ENTRIES SUPPLIED:
lemma transpose_pow_mat:
  fixes A :: "'a :: comm_semiring_1 mat"
  assumes A: "A \<in> carrier_mat n n"
  shows "transpose_mat (A ^\<^sub>m k) = transpose_mat A ^\<^sub>m k"
proof (induction k)
  case (Suc k)
  have "transpose_mat (A ^\<^sub>m Suc k) = transpose_mat A * transpose_mat (A ^\<^sub>m k)"
    using transpose_mult[OF pow_carrier_mat[OF A] A] by simp
  also have "\<dots> = transpose_mat A * transpose_mat A ^\<^sub>m k" by (simp only: Suc.IH)
  also have "\<dots> = transpose_mat A ^\<^sub>m Suc k"
    using A by (intro pow_mat_Suc_left[symmetric]) simp
  finally show ?case .
qed (use A in simp)

lemma transpose_smult_mat: "transpose_mat (c \<cdot>\<^sub>m A) = c \<cdot>\<^sub>m transpose_mat A"
  by (rule eq_matI) auto

lemma dim_mat_exp [simp]: "dim_row (mat_exp M) = dim_row M" "dim_col (mat_exp M) = dim_col M"
  by (simp_all add: mat_exp_def)

lemma mat_exp_transpose:
  assumes "A \<in> carrier_mat n n"
  shows "mat_exp (transpose_mat A) = transpose_mat (mat_exp A)"
  using assms by (intro eq_matI) (auto simp: mat_exp_def transpose_pow_mat[symmetric])

lemma index_mult_transpose_col:
  assumes "K \<in> carrier_mat n 1" "i < n" "j < n"
  shows "(K * transpose_mat K) $$ (i, j) = K $$ (i, 0) * K $$ (j, 0)"
  using assms by (simp add: scalar_prod_def)

text \<open>As the exponential of the transpose is the transposed exponential, the integrand of the
  Gramian is \<open>K * K\<^sup>T\<close> for \<open>K = e\<^bsup>A(t-\<tau>)\<^esup> B\<close>.\<close>
lemma gramian_eq_integral_outer:
  assumes A: "A \<in> carrier_mat n n" and B: "B \<in> carrier_mat n k"
  shows "gramian A B t s = mat n n (\<lambda>(i,j). integral {s..t} (\<lambda>\<tau>.
      (mat_exp ((t - \<tau>) \<cdot>\<^sub>m A) * B * transpose_mat (mat_exp ((t - \<tau>) \<cdot>\<^sub>m A) * B)) $$ (i, j)))"
proof -
  have "mat_exp ((t - \<tau>) \<cdot>\<^sub>m A) * B * transpose_mat B * mat_exp ((t - \<tau>) \<cdot>\<^sub>m transpose_mat A)
      = mat_exp ((t - \<tau>) \<cdot>\<^sub>m A) * B * transpose_mat (mat_exp ((t - \<tau>) \<cdot>\<^sub>m A) * B)" for \<tau>
  proof -
    let ?E = "mat_exp ((t - \<tau>) \<cdot>\<^sub>m A)"
    have E: "?E \<in> carrier_mat n n" using A by (simp add: mat_exp_def)
    have "mat_exp ((t - \<tau>) \<cdot>\<^sub>m transpose_mat A) = transpose_mat ?E"
      using mat_exp_transpose[of "(t - \<tau>) \<cdot>\<^sub>m A" n] A by (simp add: transpose_smult_mat)
    moreover have "?E * B * transpose_mat B * transpose_mat ?E = ?E * B * (transpose_mat B * transpose_mat ?E)"
      using E B by (intro assoc_mult_mat) auto
    ultimately show ?thesis by (simp only: transpose_mult[OF E B])
  qed
  then show ?thesis using A by (simp add: gramian_def)
qed

definition block_diag :: "'a :: zero mat \<Rightarrow> 'a mat \<Rightarrow> 'a mat" where
  "block_diag X Y = four_block_mat X (0\<^sub>m (dim_row X) (dim_col Y)) (0\<^sub>m (dim_row Y) (dim_col X)) Y"

lemma dim_block_diag [simp]:
  "dim_row (block_diag X Y) = dim_row X + dim_row Y" "dim_col (block_diag X Y) = dim_col X + dim_col Y"
  by (simp_all add: block_diag_def)

lemma index_block_diag:
  assumes "i < dim_row X + dim_row Y" "j < dim_col X + dim_col Y"
  shows "block_diag X Y $$ (i, j)
       = (if i < dim_row X then if j < dim_col X then X $$ (i, j) else 0
          else if j < dim_col X then 0 else Y $$ (i - dim_row X, j - dim_col X))"
  using assms by (simp add: block_diag_def)

lemma diag_block_mat_Cons: "diag_block_mat (A # As) = block_diag A (diag_block_mat As)"
  by (simp add: block_diag_def Let_def)

lemma block_diag_carrier:
  assumes X: "X \<in> carrier_mat a b" and Y: "Y \<in> carrier_mat c d"
  shows "block_diag X Y \<in> carrier_mat (a + c) (b + d)"
  by (rule carrier_matI) (simp_all add: carrier_matD[OF X] carrier_matD[OF Y])

lemma smult_block_diag:
  fixes X Y :: "'a :: semiring_0 mat"
  shows "c \<cdot>\<^sub>m block_diag X Y = block_diag (c \<cdot>\<^sub>m X) (c \<cdot>\<^sub>m Y)"
  by (rule eq_matI) (auto simp: index_block_diag)

lemma transpose_block_diag: "transpose_mat (block_diag X Y) = block_diag (transpose_mat X) (transpose_mat Y)"
  by (rule eq_matI) (auto simp: index_block_diag)

lemma block_diag_one: "block_diag (1\<^sub>m a) (1\<^sub>m b) = 1\<^sub>m (a + b)"
  by (simp add: block_diag_def)

lemma mult_block_diag:
  assumes e1: "dim_col X1 = dim_row X2" and e2: "dim_col Y1 = dim_row Y2"
  shows "block_diag X1 Y1 * block_diag X2 Y2 = block_diag (X1 * X2) (Y1 * Y2)"
proof -
  let ?a = "dim_row X1" and ?b = "dim_col X1" and ?c = "dim_col X2"
  let ?d = "dim_row Y1" and ?e = "dim_col Y1" and ?f = "dim_col Y2"
  have c1: "X1 \<in> carrier_mat ?a ?b" "0\<^sub>m ?a ?e \<in> carrier_mat ?a ?e" "0\<^sub>m ?d ?b \<in> carrier_mat ?d ?b"
    "Y1 \<in> carrier_mat ?d ?e" by auto
  have c2: "X2 \<in> carrier_mat ?b ?c" "0\<^sub>m ?b ?f \<in> carrier_mat ?b ?f" "0\<^sub>m ?e ?c \<in> carrier_mat ?e ?c"
    "Y2 \<in> carrier_mat ?e ?f" using e1 e2 by (auto intro!: carrier_matI)
  have dX2: "dim_row X2 = ?b" "dim_row Y2 = ?e" using e1 e2 by auto
  have "block_diag X1 Y1 * block_diag X2 Y2 = four_block_mat (X1 * X2 + 0\<^sub>m ?a ?e * 0\<^sub>m ?e ?c)
      (X1 * 0\<^sub>m ?b ?f + 0\<^sub>m ?a ?e * Y2) (0\<^sub>m ?d ?b * X2 + Y1 * 0\<^sub>m ?e ?c)
      (0\<^sub>m ?d ?b * 0\<^sub>m ?b ?f + Y1 * Y2)"
    unfolding block_diag_def dX2 by (rule mult_four_block_mat[OF c1 c2])
  also have "X1 * X2 + 0\<^sub>m ?a ?e * 0\<^sub>m ?e ?c = X1 * X2"
  proof -
    have z: "0\<^sub>m ?a ?e * 0\<^sub>m ?e ?c = 0\<^sub>m ?a ?c" by (rule left_mult_zero_mat) auto
    show ?thesis unfolding z by (rule right_add_zero_mat) auto
  qed
  also have "X1 * 0\<^sub>m ?b ?f + 0\<^sub>m ?a ?e * Y2 = 0\<^sub>m ?a ?f"
    unfolding right_mult_zero_mat[OF c1(1)] left_mult_zero_mat[OF c2(4)] by (rule left_add_zero_mat) auto
  also have "0\<^sub>m ?d ?b * X2 + Y1 * 0\<^sub>m ?e ?c = 0\<^sub>m ?d ?c"
    unfolding left_mult_zero_mat[OF c2(1)] right_mult_zero_mat[OF c1(4)] by (rule left_add_zero_mat) auto
  also have "0\<^sub>m ?d ?b * 0\<^sub>m ?b ?f + Y1 * Y2 = Y1 * Y2"
  proof -
    have z: "0\<^sub>m ?d ?b * 0\<^sub>m ?b ?f = 0\<^sub>m ?d ?f" by (rule left_mult_zero_mat) auto
    show ?thesis unfolding z by (rule left_add_zero_mat) (auto simp: dX2)
  qed
  finally show ?thesis unfolding block_diag_def by simp
qed

lemma mat_exp_block_diag:
  assumes X: "X \<in> carrier_mat n n" and Y: "Y \<in> carrier_mat m m"
  shows "mat_exp (block_diag X Y) = block_diag (mat_exp X) (mat_exp Y)"
proof (rule eq_matI)
  fix i j assume "i < dim_row (block_diag (mat_exp X) (mat_exp Y))"
    and "j < dim_col (block_diag (mat_exp X) (mat_exp Y))"
  then have i: "i < n + m" and j: "j < n + m" using X Y by simp_all
  have "block_diag X Y ^\<^sub>m k = block_diag (X ^\<^sub>m k) (Y ^\<^sub>m k)" for k
    using pow_four_block_mat[OF X Y, of k] X Y unfolding block_diag_def by simp
  then have pow: "(block_diag X Y ^\<^sub>m k) $$ (i, j)
      = (if i < n then if j < n then (X ^\<^sub>m k) $$ (i, j) else 0
         else if j < n then 0 else (Y ^\<^sub>m k) $$ (i - n, j - n))" for k
    using i j X Y by (simp add: index_block_diag)
  have "block_diag (mat_exp X) (mat_exp Y) $$ (i, j)
      = (if i < n then if j < n then mat_exp X $$ (i, j) else 0
         else if j < n then 0 else mat_exp Y $$ (i - n, j - n))"
    using i j X Y by (simp add: index_block_diag)
  then show "mat_exp (block_diag X Y) $$ (i, j) = block_diag (mat_exp X) (mat_exp Y) $$ (i, j)"
    using i j X Y by (cases "i < n"; cases "j < n") (simp_all add: mat_exp_def pow)
qed (use X Y in simp_all)

lemma gramian_block_diag:
  assumes A1: "A1 \<in> carrier_mat n n" and A2: "A2 \<in> carrier_mat m m"
    and B1: "B1 \<in> carrier_mat n k1" and B2: "B2 \<in> carrier_mat m k2"
  shows "gramian (block_diag A1 A2) (block_diag B1 B2) t s = block_diag (gramian A1 B1 t s) (gramian A2 B2 t s)"
proof -
  define K1 K2 where "K1 \<tau> = mat_exp ((t - \<tau>) \<cdot>\<^sub>m A1) * B1"
    and "K2 \<tau> = mat_exp ((t - \<tau>) \<cdot>\<^sub>m A2) * B2" for \<tau>
  have K1: "K1 \<tau> \<in> carrier_mat n k1" and K2: "K2 \<tau> \<in> carrier_mat m k2" for \<tau>
    using A1 A2 B1 B2 by (auto simp: K1_def K2_def intro!: carrier_matI)
  have A: "block_diag A1 A2 \<in> carrier_mat (n + m) (n + m)"
    and B: "block_diag B1 B2 \<in> carrier_mat (n + m) (k1 + k2)"
    using A1 A2 B1 B2 by (simp_all add: block_diag_carrier)
  have K: "mat_exp ((t - \<tau>) \<cdot>\<^sub>m block_diag A1 A2) * block_diag B1 B2 = block_diag (K1 \<tau>) (K2 \<tau>)" for \<tau>
    unfolding smult_block_diag K1_def K2_def
    using A1 A2 B1 B2 by (subst mat_exp_block_diag[of _ n _ m]) (auto simp: mult_block_diag)
  have KK: "block_diag (K1 \<tau>) (K2 \<tau>) * transpose_mat (block_diag (K1 \<tau>) (K2 \<tau>))
      = block_diag (K1 \<tau> * transpose_mat (K1 \<tau>)) (K2 \<tau> * transpose_mat (K2 \<tau>))" for \<tau>
    unfolding transpose_block_diag by (rule mult_block_diag) simp_all
  show ?thesis
  proof (rule eq_matI)
    fix i j assume "i < dim_row (block_diag (gramian A1 B1 t s) (gramian A2 B2 t s))"
      and "j < dim_col (block_diag (gramian A1 B1 t s) (gramian A2 B2 t s))"
    then have i: "i < n + m" and j: "j < n + m" using A1 A2 by (simp_all add: gramian_def)
    have "block_diag (K1 \<tau> * transpose_mat (K1 \<tau>)) (K2 \<tau> * transpose_mat (K2 \<tau>)) $$ (i, j)
        = (if i < n then if j < n then (K1 \<tau> * transpose_mat (K1 \<tau>)) $$ (i, j) else 0
           else if j < n then 0 else (K2 \<tau> * transpose_mat (K2 \<tau>)) $$ (i - n, j - n))" for \<tau>
      using i j by (simp add: index_block_diag carrier_matD[OF K1[of \<tau>]] carrier_matD[OF K2[of \<tau>]])
    then show "gramian (block_diag A1 A2) (block_diag B1 B2) t s $$ (i, j)
        = block_diag (gramian A1 B1 t s) (gramian A2 B2 t s) $$ (i, j)"
      using i j
      by (cases "i < n"; cases "j < n")
        (simp_all add: gramian_eq_integral_outer[OF A B] gramian_eq_integral_outer[OF A1 B1]
          gramian_eq_integral_outer[OF A2 B2] K KK index_block_diag flip: K1_def K2_def)
  qed (use A1 A2 in \<open>simp_all add: gramian_def\<close>)
qed

lemma det_block_diag:
  fixes X Y :: "'a :: idom mat"
  assumes "X \<in> carrier_mat n n" "Y \<in> carrier_mat m m"
  shows "Determinant.det (block_diag X Y) = Determinant.det X * Determinant.det Y"
  unfolding block_diag_def using assms by (intro det_four_block_mat_upper_right_zero[of _ n _ m]) auto

lemma det_diag_block_mat:
  fixes As :: "'a :: idom mat list"
  assumes "\<And>A. A \<in> set As \<Longrightarrow> square_mat A"
  shows "Determinant.det (diag_block_mat As) = prod_list (map Determinant.det As)"
  using assms
proof (induction As)
  case (Cons A As)
  let ?D = "diag_block_mat As"
  have "square_mat ?D" using Cons.prems by (intro diag_block_mat_square) auto
  then have "?D \<in> carrier_mat (dim_row ?D) (dim_row ?D)" "A \<in> carrier_mat (dim_row A) (dim_row A)"
    using Cons.prems by (auto intro: carrier_matI)
  then show ?case
    using Cons unfolding diag_block_mat_Cons list.map by (simp add: det_block_diag)
qed simp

WORK REQUEST:
Those lines from the one with "proof (induction As)" through the last line of the material above are to be retyped exactly, with nothing else.

ANSWER BOX:
proof (induction As)
  case (Cons A As)
  let ?D = "diag_block_mat As"
  have "square_mat ?D" using Cons.prems by (intro diag_block_mat_square) auto
  then have "?D \<in> carrier_mat (dim_row ?D) (dim_row ?D)" "A \<in> carrier_mat (dim_row A) (dim_row A)"
    using Cons.prems by (auto intro: carrier_matI)
  then show ?case
    using Cons unfolding diag_block_mat_Cons list.map by (simp add: det_block_diag)
qed simp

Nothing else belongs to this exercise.